Hab mir ne neue externe Festplatte mit 500 GB gekauft.
Der Datentyp ist FAT32. Ich hab gelesen dass NTFS besser is un deshalb will ich sie in deises Formate formatieren.

Wie mach ich das am bessten?

Hier steht dass man es mit der Eingabeaufforderung tun soll, aber es geht doch auch mit Arbeitsplatz > rechtsklick auf die Festplatte > Formatieren > und dann NTFS auswählen. 

Welche Methode ist besser?
Würdet ihr überhaupt vo FAT 32 auf NTFS umstellen?
Wie lange dauert eine Formatierung?


Gruß


----------



## Laudian (3. November 2007)

Grundsaetzlich wuerde ich sagen, solange diese Festplatte nur unter Windows gelesen werden koennen soll, lohnt es sich auf NTFS umzuformatieren. 

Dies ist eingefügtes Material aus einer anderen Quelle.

(* Dynamic A* (with \texttt{reeval} either true or false) using a dyn-admissible dynamic heuristic returns optimal solutions: whenever it returns a path, that path is a solution of $\mathcal T$ of cost $h^*(s_I)$ (i.e., of minimal cost among all solutions).
   Context: A transition system is $\mathcal T=\langle S,L,c,T,s_I,S_G\rangle$ with finite states $S$, finite labels $L$, cost function $c:L\to\mathbb R_{\ge0}$, transitions $T\subseteq S\times L\times S$, initial state $s_I$, goal states $S_G\subseteq S$. Paths, costs, solutions (paths from $s_I$ to a goal state) are as usual; $h^*(s)$ is the minimal cost of a path from $s$ to a goal ($\infty$ if none). An information source $\sigma$ consists of a set $\mathcal I_\sigma$, $\iota_0^\sigma\in\mathcal I_\sigma$, $\mathrm{update}_\sigma:\mathcal I_\sigma\times T\to\mathcal I_\sigma$, $\mathrm{refine}_\sigma:\mathcal I_\sigma\times S\to\mathcal I_\sigma$. Reachable information: $\iota_n$ is reachable if obtained from $\iota_0^\sigma$ by a sequence of refine steps on states and update steps on transitions $e_1,\dots,e_n$, where each refined state and each origin of an updated transition is $s_I$ or the target of an earlier updated transition. A dynamic heuristic over $\sigma$ is $h:S\times\mathcal I_\sigma\to\mathbb R_{\ge0}\cup\{\infty\}$; it is dyn-admissible if $h(s,\iota)\le h^*(s)$ for all $s$ and all reachable $\iota$. Parent source $\sigma_p$: $\mathcal I_{\sigma_p}$ = partial functions $S\rightharpoonup\mathbb R_{\ge0}\times(T\cup\{\bot\})$; $\iota_0=\{s_I\mapsto\langle0,\bot\rangle\}$; refine is the identity; $\mathrm{update}(\iota,\langle s,\ell,s'\rangle)$ with $\iota(s)=\langle g,\cdot\rangle$ changes only $s'$, setting it to $\langle g+c(\ell),\langle s,\ell,s'\rangle\rangle$ if $\iota(s')$ is undefined or has $g$-component $\ge g+c(\ell)$, otherwise unchanged. Dynamic A* takes $\mathcal T$, sources $\sigma_p,\sigma_h$, a dynamic heuristic $h$ over $\sigma_h$ and a Boolean flag \texttt{reeval}. Notation: at any moment $g(s)$ is the $g$-component of the current $\mathcal I(\sigma_p)(s)$ and $h(s)$ denotes $h(s,\mathcal I(\sigma_h))$ for the current $\mathcal I(\sigma_h)$. Open is a priority queue of entries $\langle s,g,h\rangle$ (duplicates allowed), popped by minimal stored value $g+h$ (ties arbitrary). Algorithm: 1. $\mathcal I(\sigma):=\iota_0^\sigma$ for both sources; $S_{\mathrm{known}}:=\{s_I\}$; Closed $:=\emptyset$; Open empty. If $h(s_I)<\infty$ insert $\langle s_I,g(s_I),h(s_I)\rangle$. 2. While Open is nonempty: pop an entry $\langle s,\hat g,\hat h\rangle$ of minimal $\hat g+\hat h$. If $s\in$ Closed, continue with the next iteration. Otherwise set $\mathcal I(\sigma):=\mathrm{refine}_\sigma(\mathcal I(\sigma),s)$ for both sources. If \texttt{reeval} is true and $\hat h<h(s)$: if $h(s)<\infty$ insert $\langle s,g(s),h(s)\rangle$; continue with the next iteration (this is a re-evaluation). Otherwise add $s$ to Closed ($s$ is expanded). If $s\in S_G$, return the path obtained by following the parent pointers of $\mathcal I(\sigma_p)$ from $s$ back to $s_I$. Otherwise, for each $t=\langle s,\ell,s'\rangle\in T$ in some order: let $old:=g(s')$ if $s'\in S_{\mathrm{known}}$ and undefined otherwise; set $\mathcal I(\sigma):=\mathrm{update}_\sigma(\mathcal I(\sigma),t)$ for both sources; add $s'$ to $S_{\mathrm{known}}$; if $h(s')=\infty$ skip $s'$; else if $old$ is undefined insert $\langle s',g(s'),h(s')\rangle$; else if $old>g(s')$, remove $s'$ from Closed if it is there (reopening) and insert $\langle s',g(s'),h(s')\rangle$. 3. Return "unsolvable". *)

theory Defs
  imports Complex_Main "HOL-Library.Multiset" "HOL-Library.Extended_Nonnegative_Real"
begin

text \<open>States and labels are finite types (S = UNIV, L = UNIV).\<close>

record ('s, 'l) tsys =
  ts_T  :: "('s \<times> 'l \<times> 's) set"
  ts_c  :: "'l \<Rightarrow> real"
  ts_sI :: 's
  ts_SG :: "'s set"

fun path_from :: "('s, 'l) tsys \<Rightarrow> 's \<Rightarrow> ('s \<times> 'l \<times> 's) list \<Rightarrow> 's \<Rightarrow> bool" where
  "path_from TS s [] t = (s = t)"
| "path_from TS s ((a, l, b) # es) t = (a = s \<and> (a, l, b) \<in> ts_T TS \<and> path_from TS b es t)"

Ich bin mir jetzt nicht sicher, wo der Unterschied zwischen einem Gui-Aufruf von Format liegt also ueber die Festplatteneigenschaften und dem Format {Laufwerksbuchstabe}.
Ich wuerd den Formatbefehl nutzen. (Ich komme aber auch aus der linuxecke, ich nutze gerne Konsolen )

Was die Zeit angeht, bei 160 GB waren es schon viele Minuten, eher an die 20-25 ... und das bei nem 64Bit 2,4 GHz CPU ... bei 500GB wirds kaum unter ner Stunde gehen.


----------



## Kurt Cobain (3. November 2007)

ich glaube der größte unterschied zu Fat 32 ist, dass man Archieve, die größer als 4GB sind entpacken kann.

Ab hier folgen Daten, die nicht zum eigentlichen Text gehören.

(* Let $A$ and $B$ be positive definite $d\times d$ matrices, $\lambda\in(0,1)$, and denote $(A,B)_\lambda=\lambda A+(1-\lambda)B$ and $(A^2,B^2)_\lambda=\lambda A^2+(1-\lambda)B^2$. Then $$\mathrm{Tr}\left(\sqrt{(A^2,B^2)_\lambda}-(A,B)_\lambda\right)=\lambda(1-\lambda)\,\mathrm{Tr}\left((A-B)^2\left(\sqrt{(A^2,B^2)_\lambda}+(A,B)_\lambda\right)^{-1}\right).$$
   Context: $\sqrt{\cdot}$ denotes the positive semidefinite square root of a positive definite matrix. *)

theory Defs
  imports "HOL-Analysis.Analysis"
begin

definition cadjoint :: "complex^'n^'n \<Rightarrow> complex^'n^'n" where
  "cadjoint A = (\<chi> i j. cnj (A $ j $ i))"

definition qform :: "complex^'n^'n \<Rightarrow> complex^'n \<Rightarrow> complex" where
  "qform A x = (\<Sum>i\<in>UNIV. cnj (x $ i) * (A *v x) $ i)"

definition pos_def_mat :: "complex^'n^'n \<Rightarrow> bool" where
  "pos_def_mat A \<longleftrightarrow> cadjoint A = A \<and> (\<forall>x. x \<noteq> 0 \<longrightarrow> 0 < Re (qform A x))"

definition pos_semidef_mat :: "complex^'n^'n \<Rightarrow> bool" where
  "pos_semidef_mat A \<longleftrightarrow> cadjoint A = A \<and> (\<forall>x. 0 \<le> Re (qform A x))"

definition msqrt :: "complex^'n^'n \<Rightarrow> complex^'n^'n" where
  "msqrt A = (THE S. pos_semidef_mat S \<and> S ** S = A)"

end

theory Submission
  imports Defs "HOL-Computational_Algebra.Fundamental_Theorem_Algebra"
begin

text \<open>Write \<open>S\<close> for the square root and \<open>C = (A,B)\<^sub>\<lambda>\<close>. Then
  \<open>S\<^sup>2 - C\<^sup>2 = \<lambda>(1-\<lambda>)(A-B)\<^sup>2\<close>, and \<open>S\<^sup>2 - C\<^sup>2 = (S - C)(S + C) + C(S + C) - (S + C)C\<close>;
  multiplying on the right by \<open>(S + C)\<^sup>-\<^sup>1\<close> and taking traces, the commutator term
  vanishes and leaves \<open>Tr (S - C)\<close>. \<open>S + C\<close> is positive definite, hence invertible.

  That \<open>msqrt\<close> is a positive definite square root at all needs a functional calculus:
  a positive definite \<open>M\<close> is annihilated by \<open>\<Prod>(X - \<mu>)\<close> over finitely many distinct
  \<open>\<mu> > 0\<close>, so for a real polynomial \<open>q\<close> interpolating \<open>\<mu>\<^sup>1\<^sup>/\<^sup>4\<close> at these points,
  \<open>S = q(M)\<^sup>2\<close> is a positive definite root of \<open>M\<close>.\<close>

section \<open>Matrix identities\<close>

lemma matrix_add_rdistrib: "((A::'a::semiring_1^'n^'m) + B) ** C = A ** C + B ** C"
  by (simp add: matrix_matrix_mult_def vec_eq_iff sum.distrib distrib_right)

lemma matrix_diff_rdistrib: "((A::'a::ring_1^'n^'m) - B) ** C = A ** C - B ** C"
  by (simp add: matrix_matrix_mult_def vec_eq_iff sum_subtractf left_diff_distrib)

lemma matrix_diff_ldistrib: "(A::'a::ring_1^'n^'m) ** (B - C) = A ** B - A ** C"
  by (simp add: matrix_matrix_mult_def vec_eq_iff sum_subtractf right_diff_distrib)

lemma mat_matrix_mult_nth: "(mat c ** (X::'a::semiring_1^'n^'m)) $ i $ j = c * X $ i $ j"
  by (simp add: matrix_matrix_mult_def mat_def if_distrib if_distribR sum.delta cong: if_cong)

lemma matrix_mat_mult_nth: "((X::'a::semiring_1^'n^'m) ** mat c) $ i $ j = X $ i $ j * c"
  by (simp add: matrix_matrix_mult_def mat_def if_distrib if_distribR sum.delta' cong: if_cong)

lemma mat_matrix_mult_commute: "mat c ** (X::'a::comm_semiring_1^'n^'n) = X ** mat c"
  by (simp add: vec_eq_iff mat_matrix_mult_nth matrix_mat_mult_nth mult.commute)

lemma mat_mult_mat: "mat a ** (mat b :: 'a::semiring_1^'n^'n) = mat (a * b)"
  by (simp add: vec_eq_iff mat_matrix_mult_nth) (simp add: mat_def)

lemma mat_add: "mat a + (mat b :: 'a::semiring_1^'n^'n) = mat (a + b)"
  by (simp add: vec_eq_iff mat_def)

lemma mat_vector_mult: "mat c *v x = c *s x"
  by (simp add: vec_eq_iff matrix_vector_mult_def mat_def if_distrib if_distribR sum.delta
      cong: if_cong)

lemma mat_of_real_mult: "mat (of_real r) ** (X::'a::real_algebra_1^'n^'m) = r *\<^sub>R X"
  by (simp add: vec_eq_iff mat_matrix_mult_nth) (simp add: scaleR_conv_of_real)

lemma mat_mult_cancel:
  assumes "c \<noteq> 0" and "mat c ** X = (0::'a::field^'n^'m)"
  shows "X = 0"
proof -
  have "X = mat (inverse c * c) ** X"
    using assms(1) by simp
  also have "\<dots> = 0"
    by (simp flip: mat_mult_mat add: matrix_mul_assoc[symmetric] assms(2))
  finally show ?thesis .
qed

lemma trace_scaleR: "trace (r *\<^sub>R (A::'a::real_algebra_1^'n^'n)) = r *\<^sub>R trace A"
  by (simp add: trace_def scaleR_sum_right)

lemma invertible_matrix_inv:
  assumes "invertible A"
  shows "A ** matrix_inv A = mat 1" and "matrix_inv A ** A = mat 1"
proof -
  have "A ** matrix_inv A = mat 1 \<and> matrix_inv A ** A = mat 1"
    unfolding matrix_inv_def by (rule someI_ex) (use assms in \<open>simp add: invertible_def\<close>)
  then show "A ** matrix_inv A = mat 1" and "matrix_inv A ** A = mat 1"
    by simp_all
qed

lemma trace_diff_squares_mult_matrix_inv:
  fixes S C :: "'a::comm_ring_1^'n^'n"
  assumes "invertible (S + C)"
  shows "trace ((S ** S - C ** C) ** matrix_inv (S + C)) = trace (S - C)"
proof -
  define P where "P = S + C"
  have PP': "P ** matrix_inv P = mat 1" and P'P: "matrix_inv P ** P = mat 1"
    using invertible_matrix_inv assms by (simp_all add: P_def)
  have "S ** S - C ** C = (S - C) ** P + C ** P - P ** C"
    by (simp add: P_def matrix_add_ldistrib matrix_add_rdistrib matrix_diff_rdistrib algebra_simps)
  then have "(S ** S - C ** C) ** matrix_inv P
      = (S - C) ** (P ** matrix_inv P) + C ** (P ** matrix_inv P) - P ** (C ** matrix_inv P)"
    by (simp add: matrix_add_rdistrib matrix_diff_rdistrib matrix_mul_assoc)
  moreover have "trace (P ** (C ** matrix_inv P)) = trace C"
    by (simp add: trace_mul_sym[of P] P'P flip: matrix_mul_assoc)
  ultimately have "trace ((S ** S - C ** C) ** matrix_inv P) = trace (S - C)"
    by (simp add: PP' trace_add trace_sub)
  then show ?thesis
    by (simp add: P_def)
qed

Aber eigendlich dürfte es doch keine Unterschied machen, ob ich es über die Konsole oder den Arbeitsplatz mache oder?


Gruß


----------



## akrite (4. November 2007)

Kurt Cobain hat gesagt.:


> ich glaube der größte unterschied zu Fat 32 ist, dass man Archieve, die größer als 4GB sind entpacken kann.


... und natürlich, dass es überhaupt möglich ist mit windowseigenen Boardmitteln derart große Partitionen zu formatieren - die Vergabe von Benutzerrechten lassen ich hier mal weg, interessiert hier ja keinen... ;-)


> Aber eigendlich dürfte es doch keine Unterschied machen, ob ich es über die Konsole oder den Arbeitsplatz mache oder?


...manchmal verweigert Win XP beim Formatieren auf NTFS den Dienst, dann geht es nur mit convert X:/fs:ntfs


----------



## M4EX (4. November 2007)

Hallo,

Du kannst Deine externe Platte wie folgt formatieren:

Gehe auf

Systemsteuerung / Verwaltung / Datenträgerverwaltung

Wähle die externe Platte und formatiere diese als NTFS.

Die Dauer der Formatierung ist immer abhängig von der Grösse der Platte und der Geschwindigkeit des Rechners

Grüsse

M4EX


----------



## subara (7. November 2007)

Kurt Cobain hat gesagt.:


> ich glaube der größte unterschied zu Fat 32 ist, dass man Archieve, die größer als 4GB sind entpacken kann.
> 
> Aber eigendlich dürfte es doch keine Unterschied machen, ob ich es über die Konsole oder den Arbeitsplatz mache oder?
> 
> ...


Zudem:

    * Festlegen von Sicherheitsattributen
    * Verschlüsseln von Daten
    * Setzen von Kontingenten für Benutzer. Dieser Benutzer darf dann nicht mehr als
       xx MB an Dateien besitzen.
    * Überwachen von Dateizugriffen
    * Komprimieren einzelner Dateien oder ganzer Datenträger
    * Verschiedene Papierkörbe für verschiedene Benutzter
    * Eingeschränkte Benutzer können nichts kaputt machen
    * weniger Fragmentierung
    * Hosten des Active Directory (nur Windows 2000 Server, Advanced Server und Datacenter Server)


----------